→ Task
Search the material for the string "also" and copy each line where it occurs.

→ The records
(* Let $\mathrm{Imp}$ be the category of implication algebras and their homomorphisms. If an implication algebra $(X,\triangleright,1)$ carries an internal implication algebra structure in $\mathrm{Imp}$ (i.e. a homomorphism $*:X\times X\to X$, with the constant given by a homomorphism from the terminal algebra, satisfying the implication algebra identities), then $X$ is the one-element (terminal) implication algebra.
   Context: An implication algebra is a set $X$ with a binary operation $\triangleright$ and a constant $1$ satisfying: $x\triangleright x=1$; $(x\triangleright y)\triangleright x=x$; $(x\triangleright y)\triangleright y=(y\triangleright x)\triangleright x$; $x\triangleright(y\triangleright z)=y\triangleright(x\triangleright z)$. Homomorphisms preserve $\triangleright$ and $1$. *)

theory Defs
  imports Main
begin

definition impl_alg :: "'a set \<Rightarrow> ('a \<Rightarrow> 'a \<Rightarrow> 'a) \<Rightarrow> 'a \<Rightarrow> bool" where
  "impl_alg X imp one \<longleftrightarrow>
     one \<in> X \<and> (\<forall>x\<in>X. \<forall>y\<in>X. imp x y \<in> X) \<and>
     (\<forall>x\<in>X. imp x x = one) \<and>
     (\<forall>x\<in>X. \<forall>y\<in>X. imp (imp x y) x = x) \<and>
     (\<forall>x\<in>X. \<forall>y\<in>X. imp (imp x y) y = imp (imp y x) x) \<and>
     (\<forall>x\<in>X. \<forall>y\<in>X. \<forall>z\<in>X. imp x (imp y z) = imp y (imp x z))"

definition impl_hom :: "'a set \<Rightarrow> ('a \<Rightarrow> 'a \<Rightarrow> 'a) \<Rightarrow> 'a \<Rightarrow>
    'b set \<Rightarrow> ('b \<Rightarrow> 'b \<Rightarrow> 'b) \<Rightarrow> 'b \<Rightarrow> ('a \<Rightarrow> 'b) \<Rightarrow> bool" where
  "impl_hom X imp one Y imp' one' f \<longleftrightarrow>
     f ` X \<subseteq> Y \<and> (\<forall>x\<in>X. \<forall>y\<in>X. f (imp x y) = imp' (f x) (f y)) \<and> f one = one'"

definition prod_imp :: "('a \<Rightarrow> 'a \<Rightarrow> 'a) \<Rightarrow> ('a \<times> 'a) \<Rightarrow> ('a \<times> 'a) \<Rightarrow> ('a \<times> 'a)" where
  "prod_imp imp p q = (imp (fst p) (fst q), imp (snd p) (snd q))"

definition term_imp :: "unit \<Rightarrow> unit \<Rightarrow> unit" where
  "term_imp u v = ()"

end

theory Submission
  imports Defs
begin

text \<open>An Eckmann--Hilton argument: an internal implication operation \<open>\<star>\<close> is a homomorphism,
  so it interchanges with \<open>\<triangleright>\<close>. Writing \<open>x = (x \<triangleright> x) \<star> (1 \<triangleright> x)\<close> and interchanging gives
  \<open>(x \<star> 1) \<triangleright> (x \<star> x) = 1 \<triangleright> 1 = 1\<close>, since in every implication algebra \<open>1\<close> is a left unit
  and a right absorbing element.\<close>

lemma impl_alg_one_imp:
  assumes "impl_alg X imp one" and "x \<in> X"
  shows "imp one x = x"
proof -
  have "imp (imp x x) x = x" using assms unfolding impl_alg_def by blast
  then show ?thesis using assms unfolding impl_alg_def by simp
qed

lemma impl_alg_imp_one:
  assumes "impl_alg X imp one" and "x \<in> X"
  shows "imp x one = one"
  using assms unfolding impl_alg_def by metis

lemma impl_alg_trivial_if_interchange:
  assumes alg: "impl_alg X imp one" and alg': "impl_alg X imp' one"
    and interchange: "\<And>a b d e. \<lbrakk>a \<in> X; b \<in> X; d \<in> X; e \<in> X\<rbrakk> \<Longrightarrow>
      imp' (imp a b) (imp d e) = imp (imp' a d) (imp' b e)"
  shows "X = {one}"
proof -
  have one: "one \<in> X" using alg by (simp add: impl_alg_def)
  have "x = one" if x: "x \<in> X" for x
  proof -
    have self: "imp x x = one" "imp' x x = one" using alg alg' x by (simp_all add: impl_alg_def)
    have "x = imp' (imp x x) (imp one x)"
      using self impl_alg_one_imp[OF alg' x] impl_alg_one_imp[OF alg x] by simp
    also have "\<dots> = imp (imp' x one) (imp' x x)" using interchange x one by blast
    also have "\<dots> = one" using self impl_alg_imp_one[OF alg' x] impl_alg_one_imp[OF alg one] by simp
    finally show ?thesis .
  qed
  with one show ?thesis by blast
qed

theorem mainTheorem15:
  fixes X :: "'a set" and imp :: "'a \<Rightarrow> 'a \<Rightarrow> 'a" and one :: 'a
    and star :: "'a \<times> 'a \<Rightarrow> 'a" and c :: "unit \<Rightarrow> 'a"
  assumes "impl_alg X imp one"
    and "impl_hom (X \<times> X) (prod_imp imp) (one, one) X imp one star"
    and "impl_hom {()} term_imp () X imp one c"
    and "impl_alg X (\<lambda>x y. star (x, y)) (c ())"
  shows "X = {one}"
proof (rule impl_alg_trivial_if_interchange[OF assms(1)])
  show "impl_alg X (\<lambda>x y. star (x, y)) one"
    using assms(3,4) by (simp add: impl_hom_def)
  show "star (imp a b, imp d e) = imp (star (a, d)) (star (b, e))"
    if "a \<in> X" "b \<in> X" "d \<in> X" "e \<in> X" for a b d e
    using assms(2) that by (simp add: impl_hom_def prod_imp_def)
qed

end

→ Response box
    also have "\<dots> = imp (imp' x one) (imp' x x)" using interchange x one by blast
    also have "\<dots> = one" using self impl_alg_imp_one[OF alg' x] impl_alg_one_imp[OF alg one] by simp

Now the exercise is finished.